__WHAT THIS TASK INVOLVES__: Copy out each line of the data below in which "else" appears.

__SUPPLIED ENTRIES__:
((

lemma price_nonneg:
  fixes v :: "'b::finite \<Rightarrow> real"
  assumes "CARD('b) \<ge> 2" "\<And>j. v j \<ge> 0" "\<And>j. s j \<ge> 0"
  shows "price v s i \<ge> 0"
proof -
  obtain j where "j \<noteq> i"
    using ex_other_element[OF assms(1)] by blast
  then have "v j * s j \<le> Max ((\<lambda>j. v j * s j) ` (UNIV - {i}))"
    by (intro Max_ge) auto
  moreover have "v j * s j \<ge> 0"
    using assms by simp
  ultimately have "Max ((\<lambda>j. v j * s j) ` (UNIV - {i})) \<ge> 0"
    by linarith
  then show ?thesis
    unfolding price_def using assms by (auto intro!: divide_nonneg_nonneg)
qed

lemma revenue_nonneg:
  fixes v :: "'b::finite \<Rightarrow> real"
  assumes "CARD('b) \<ge> 2" "\<And>j. v j \<ge> 0" "finite (set_pmf x)"
    and "\<And>rs. rs \<in> set_pmf x \<Longrightarrow> in_unit_cube (fst rs) \<and> in_unit_cube (snd rs)"
  shows "revenue v x \<ge> 0"
proof -
  have "revenue v x = (\<Sum>rs\<in>set_pmf x. revenue_at v (fst rs) (snd rs) * pmf x rs)"
    unfolding revenue_def by (rule integral_measure_pmf_real[OF assms(3)]) auto
  also have "\<dots> \<ge> 0"
    unfolding revenue_at_def
    by (intro sum_nonneg mult_nonneg_nonneg price_nonneg)
       (use assms in \<open>auto simp: in_unit_cube_def\<close>)
  finally show ?thesis .
qed

definition maximizers :: "('b \<Rightarrow> real) \<Rightarrow> 'b set" where
  "maximizers u = {i. \<forall>j. u j \<le> u i}"

definition tie_share :: "('b \<Rightarrow> real) \<Rightarrow> 'b \<Rightarrow> real" where
  "tie_share u j = (if j \<in> maximizers u then 1 / real (card (maximizers u)) else 0)"

lemma winners_eq_maximizers: "winners v r = maximizers (\<lambda>i. v i * r i)"
  by (simp add: winners_def maximizers_def)

lemma mem_maximizers_iff:
  fixes u :: "'b::finite \<Rightarrow> real"
  shows "j \<in> maximizers u \<longleftrightarrow> u j = Max (range u)"
  by (auto simp: maximizers_def intro!: Max_eqI[symmetric])

lemma maximizers_nonempty:
  fixes u :: "'b::finite \<Rightarrow> real"
  shows "maximizers u \<noteq> {}"
proof -
  have "Max (range u) \<in> range u"
    by (rule Max_in) auto
  then obtain j where "Max (range u) = u j"
    by (rule rangeE)
  then show ?thesis
    using mem_maximizers_iff[of j u] by auto
qed

lemma winners_nonempty:
  fixes v :: "'b::finite \<Rightarrow> real"
  shows "winners v r \<noteq> {}"
  by (simp add: winners_eq_maximizers maximizers_nonempty)

lemma maximizers_permute:
  assumes "\<pi> permutes (UNIV :: 'b set)"
  shows "maximizers (u \<circ> \<pi>) = \<pi> -` maximizers u"
  using permutes_surj[OF assms] by (auto simp: maximizers_def) (metis surjD)

lemma tie_share_permute:
  fixes u :: "'b::finite \<Rightarrow> real"
  assumes "\<pi> permutes (UNIV :: 'b set)"
  shows "tie_share (u \<circ> \<pi>) j = tie_share u (\<pi> j)"
proof -
  have "card (maximizers (u \<circ> \<pi>)) = card (maximizers u)"
    unfolding maximizers_permute[OF assms]
    by (rule card_vimage_inj) (use assms in \<open>auto simp: permutes_inj permutes_surj\<close>)
  then show ?thesis
    unfolding tie_share_def using maximizers_permute[OF assms] by auto
qed

lemma tie_share_nonneg: "tie_share u j \<ge> 0"
  by (simp add: tie_share_def)

lemma tie_share_le_1:
  fixes u :: "'b::finite \<Rightarrow> real"
  shows "tie_share u j \<le> 1"
proof -
  have "j \<in> maximizers u \<Longrightarrow> card (maximizers u) \<ge> 1"
    by (metis One_nat_def Suc_leI card_gt_0_iff empty_iff finite)
  then show ?thesis
    by (auto simp: tie_share_def)
qed

lemma sum_tie_share_weighted:
  fixes u :: "'b::finite \<Rightarrow> real"
  shows "(\<Sum>j\<in>UNIV. f j * tie_share u j) = (\<Sum>j\<in>maximizers u. f j) / card (maximizers u)"
proof -
  have "(\<Sum>j\<in>UNIV. f j * tie_share u j)
      = (\<Sum>j\<in>UNIV. if j \<in> maximizers u then f j / card (maximizers u) else 0)"
    by (intro sum.cong) (auto simp: tie_share_def)
  then show ?thesis
    by (simp add: sum.If_cases sum_divide_distrib)
qed

lemma sum_tie_share:
  fixes u :: "'b::finite \<Rightarrow> real"
  shows "(\<Sum>j\<in>UNIV. tie_share u j) = 1"
  using sum_tie_share_weighted[of "\<lambda>_. 1" u] maximizers_nonempty[of u] by simp

lemma sum_mult_tie_share:
  fixes u :: "'b::finite \<Rightarrow> real"
  shows "(\<Sum>j\<in>UNIV. u j * tie_share u j) = Max (range u)"
proof -
  have "(\<Sum>j\<in>maximizers u. u j) = (\<Sum>j\<in>maximizers u. Max (range u))"
    by (intro sum.cong) (auto simp: mem_maximizers_iff)
  then show ?thesis
    using sum_tie_share_weighted[of u u] maximizers_nonempty[of u] by simp
qed

lemma mean_over_maximizers_split:
  fixes u :: "'b::finite \<Rightarrow> real"
  shows "(\<Sum>i\<in>maximizers u. F (i = j)) / card (maximizers u)
       = tie_share u j * F True + (1 - tie_share u j) * F False"
proof -
  let ?M = "maximizers u"
  have c: "real (card ?M) > 0"
    using maximizers_nonempty[of u] by (simp add: card_gt_0_iff)
  show ?thesis
  proof (cases "j \<in> ?M")
    case True
    have "(\<Sum>i\<in>?M. F (i = j)) = F True + (\<Sum>i\<in>?M - {j}. F (i = j))"
      using True by (simp add: sum.remove)
    also have "(\<Sum>i\<in>?M - {j}. F (i = j)) = (\<Sum>i\<in>?M - {j}. F False)"
      by (intro sum.cong) auto
    also have "\<dots> = (real (card ?M) - 1) * F False"
      using True c by (simp add: card_Diff_singleton of_nat_diff)
    finally have sum_eq: "(\<Sum>i\<in>?M. F (i = j)) = F True + (real (card ?M) - 1) * F False" .
    have "x / c = 1 / c * a + (1 - 1 / c) * b" if "c > 0" "x = a + (c - 1) * b"
      for x a b c :: real
      using that by (simp add: field_simps)
    from this[OF c sum_eq] show ?thesis
      using True by (simp add: tie_share_def)
  next
    case False
    then have "(\<Sum>i\<in>?M. F (i = j)) = (\<Sum>i\<in>?M. F False)"
      by (intro sum.cong refl arg_cong[where f=F]) auto
    then show ?thesis
      using False c by (simp add: tie_share_def card_gt_0_iff)
  qed
qed

locale symmetric_env =
  fixes v :: "'b::finite \<Rightarrow> real" and G :: "('b \<Rightarrow> real) pmf"
  assumes two_bidders: "CARD('b) \<ge> 2"
    and values_nonneg: "\<And>i. v i \<ge> 0"
    and finite_G: "finite (set_pmf G)"
    and ctr_in_unit_cube: "\<And>r. r \<in> set_pmf G \<Longrightarrow> in_unit_cube r"
    and exchangeable: "exchangeable_env v G"
begin

abbreviation EG :: "(('b \<Rightarrow> real) \<Rightarrow> real) \<Rightarrow> real" where
  "EG f \<equiv> measure_pmf.expectation G f"

abbreviation S :: real where
  "S \<equiv> surplus v G"

definition score :: "('b \<Rightarrow> real) \<Rightarrow> 'b \<Rightarrow> real" where
  "score r = (\<lambda>i. v i * r i)"

definition mean_score :: real where
  "mean_score = (\<Sum>j\<in>UNIV. EG (\<lambda>r. score r j)) / CARD('b)"

lemma winners_eq_maximizers_score: "winners v r = maximizers (score r)"
  by (simp add: winners_eq_maximizers score_def)

lemma integrable_G [simp]: "integrable (measure_pmf G) (f :: _ \<Rightarrow> real)"
  using finite_G by (rule integrable_measure_pmf_finite)

lemma expectation_G_eq_sum: "EG f = (\<Sum>r\<in>set_pmf G. f r * pmf G r)"
  by (rule integral_measure_pmf_real[OF finite_G]) auto

lemma expectation_G_mono: "(\<And>r. r \<in> set_pmf G \<Longrightarrow> f r \<le> g r) \<Longrightarrow> EG f \<le> EG g"
  by (intro integral_mono_AE) (auto simp: AE_measure_pmf_iff)

lemma ctr_bounds: "r \<in> set_pmf G \<Longrightarrow> 0 \<le> r i \<and> r i \<le> 1"
  using ctr_in_unit_cube[of r] by (auto simp: in_unit_cube_def)

lemma surplus_eq: "S = EG (\<lambda>r. Max (range (score r)))"
  by (simp add: surplus_def score_def)

lemma expectation_score_permute:
  assumes "\<pi> permutes (UNIV :: 'b set)"
  shows "EG (\<lambda>r. \<Phi> (score r \<circ> \<pi>)) = EG (\<lambda>r. \<Phi> (score r))"
proof -
  have "map_pmf (\<lambda>r. score r \<circ> \<pi>) G = map_pmf score G"
    using exchangeable assms unfolding exchangeable_env_def by (simp add: o_def score_def[abs_def])
  then have "measure_pmf.expectation (map_pmf (\<lambda>r. score r \<circ> \<pi>) G) \<Phi>
      = measure_pmf.expectation (map_pmf score G) \<Phi>"
    by simp
  then show ?thesis
    by simp
qed

lemma expectation_symmetric_eq_average:
  assumes symmetric: "\<And>\<pi> u j. \<pi> permutes (UNIV :: 'b set) \<Longrightarrow> \<Psi> j (u \<circ> \<pi>) = \<Psi> (\<pi> j) u"
  shows "EG (\<lambda>r. \<Psi> j (score r)) = (\<Sum>j'\<in>UNIV. EG (\<lambda>r. \<Psi> j' (score r))) / CARD('b)"
proof -
  have same: "EG (\<lambda>r. \<Psi> j' (score r)) = EG (\<lambda>r. \<Psi> j (score r))" for j'
  proof -
    let ?\<pi> = "Transposition.transpose j j'"
    have \<pi>: "?\<pi> permutes (UNIV :: 'b set)"
      by (rule permutes_swap_id) auto
    have "EG (\<lambda>r. \<Psi> j' (score r)) = EG (\<lambda>r. \<Psi> (?\<pi> j) (score r))"
      by simp
    also have "\<dots> = EG (\<lambda>r. \<Psi> j (score r \<circ> ?\<pi>))"
      using symmetric[OF \<pi>] by simp
    also have "\<dots> = EG (\<lambda>r. \<Psi> j (score r))"
      by (rule expectation_score_permute[OF \<pi>])
    finally show ?thesis .
  qed
  have "(\<Sum>j'\<in>UNIV. EG (\<lambda>r. \<Psi> j' (score r))) = (\<Sum>j'\<in>(UNIV :: 'b set). EG (\<lambda>r. \<Psi> j (score r)))"
    by (rule sum.cong[OF refl same])
  then show ?thesis
    using two_bidders by simp
qed

lemma expectation_tie_share: "EG (\<lambda>r. tie_share (score r) j) = 1 / CARD('b)"
proof -
  have "EG (\<lambda>r. tie_share (score r) j) = (\<Sum>j'\<in>UNIV. EG (\<lambda>r. tie_share (score r) j')) / CARD('b)"
    by (rule expectation_symmetric_eq_average[where \<Psi> = "\<lambda>j u. tie_share u j"])
       (simp add: tie_share_permute)
  also have "(\<Sum>j'\<in>UNIV. EG (\<lambda>r. tie_share (score r) j')) = EG (\<lambda>r. \<Sum>j'\<in>UNIV. tie_share (score r) j')"
    by (rule Bochner_Integration.integral_sum[symmetric]) simp
  finally show ?thesis
    by (simp add: sum_tie_share)
qed

lemma expectation_score_tie_share: "EG (\<lambda>r. score r j * tie_share (score r) j) = S / CARD('b)"
proof -
  have "EG (\<lambda>r. score r j * tie_share (score r) j)
      = (\<Sum>j'\<in>UNIV. EG (\<lambda>r. score r j' * tie_share (score r) j')) / CARD('b)"
    by (rule expectation_symmetric_eq_average[where \<Psi> = "\<lambda>j u. u j * tie_share u j"])
       (simp add: tie_share_permute)
  also have "(\<Sum>j'\<in>UNIV. EG (\<lambda>r. score r j' * tie_share (score r) j'))
      = EG (\<lambda>r. \<Sum>j'\<in>UNIV. score r j' * tie_share (score r) j')"
    by (rule Bochner_Integration.integral_sum[symmetric]) simp
  finally show ?thesis
    by (simp add: sum_mult_tie_share surplus_eq)
qed

lemma expectation_score: "EG (\<lambda>r. score r j) = mean_score"
  unfolding mean_score_def
  by (rule expectation_symmetric_eq_average[where \<Psi> = "\<lambda>j u. u j"]) simp

lemma expectation_score_not_winning:
  "EG (\<lambda>r. score r j * (1 - tie_share (score r) j)) = mean_score - S / CARD('b)"
  using expectation_score[of j] expectation_score_tie_share[of j]
  by (simp add: right_diff_distrib)

lemma surplus_le_value: "S \<le> v j"
proof -
  have "S / CARD('b) = v j * EG (\<lambda>r. r j * tie_share (score r) j)"
    using expectation_score_tie_share[of j] by (simp add: score_def mult.assoc)
  also have "\<dots> \<le> v j * EG (\<lambda>r. tie_share (score r) j)"
  proof (intro mult_left_mono expectation_G_mono values_nonneg)
    fix r assume "r \<in> set_pmf G"
    then show "r j * tie_share (score r) j \<le> tie_share (score r) j"
      using ctr_bounds[of r j] tie_share_nonneg[of "score r" j] by (simp add: mult_left_le_one_le)
  qed
  also have "\<dots> = v j / CARD('b)"
    by (simp add: expectation_tie_share)
  finally show ?thesis
    using two_bidders by (simp add: divide_right_mono field_simps)
qed

lemma surplus_div_le_mean_score: "S / CARD('b) \<le> mean_score"
proof -
  have "0 \<le> EG (\<lambda>r. score r j * (1 - tie_share (score r) j))" for j
    by (intro integral_nonneg_AE AE_pmfI mult_nonneg_nonneg)
       (use ctr_bounds tie_share_le_1 values_nonneg in \<open>auto simp: score_def\<close>)
  then show ?thesis
    by (simp add: expectation_score_not_winning)
qed

lemma surplus_nonneg: "S \<ge> 0"
proof -
  have "0 \<le> EG (\<lambda>r. score r j * tie_share (score r) j)" for j
    by (intro integral_nonneg_AE AE_pmfI mult_nonneg_nonneg)
       (use ctr_bounds tie_share_nonneg values_nonneg in \<open>auto simp: score_def\<close>)
  then show ?thesis
    using two_bidders by (simp add: expectation_score_tie_share zero_le_divide_iff)
qed

lemma surplus_nonpos_if_value_zero: "v j = 0 \<Longrightarrow> S \<le> 0"
  using expectation_score_tie_share[of j] two_bidders by (simp add: score_def)

definition mean_ctr :: "'b \<Rightarrow> real" where
  "mean_ctr j = EG (\<lambda>r. r j)"

definition uninformative :: "(('b \<Rightarrow> real) \<times> ('b \<Rightarrow> real)) pmf" where
  "uninformative = map_pmf (\<lambda>r. (r, mean_ctr)) G"

lemma mean_ctr_bounds: "0 \<le> mean_ctr j \<and> mean_ctr j \<le> 1"
proof
  show "0 \<le> mean_ctr j"
    unfolding mean_ctr_def by (intro integral_nonneg_AE AE_pmfI) (simp add: ctr_bounds)
  have "mean_ctr j \<le> EG (\<lambda>_. 1)"
    unfolding mean_ctr_def by (rule expectation_G_mono) (simp add: ctr_bounds)
  then show "mean_ctr j \<le> 1"
    by simp
qed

))

__RESULT FOR THIS EXERCISE__:
  "tie_share u j = (if j \<in> maximizers u then 1 / real (card (maximizers u)) else 0)"
      = (\<Sum>j\<in>UNIV. if j \<in> maximizers u then f j / card (maximizers u) else 0)"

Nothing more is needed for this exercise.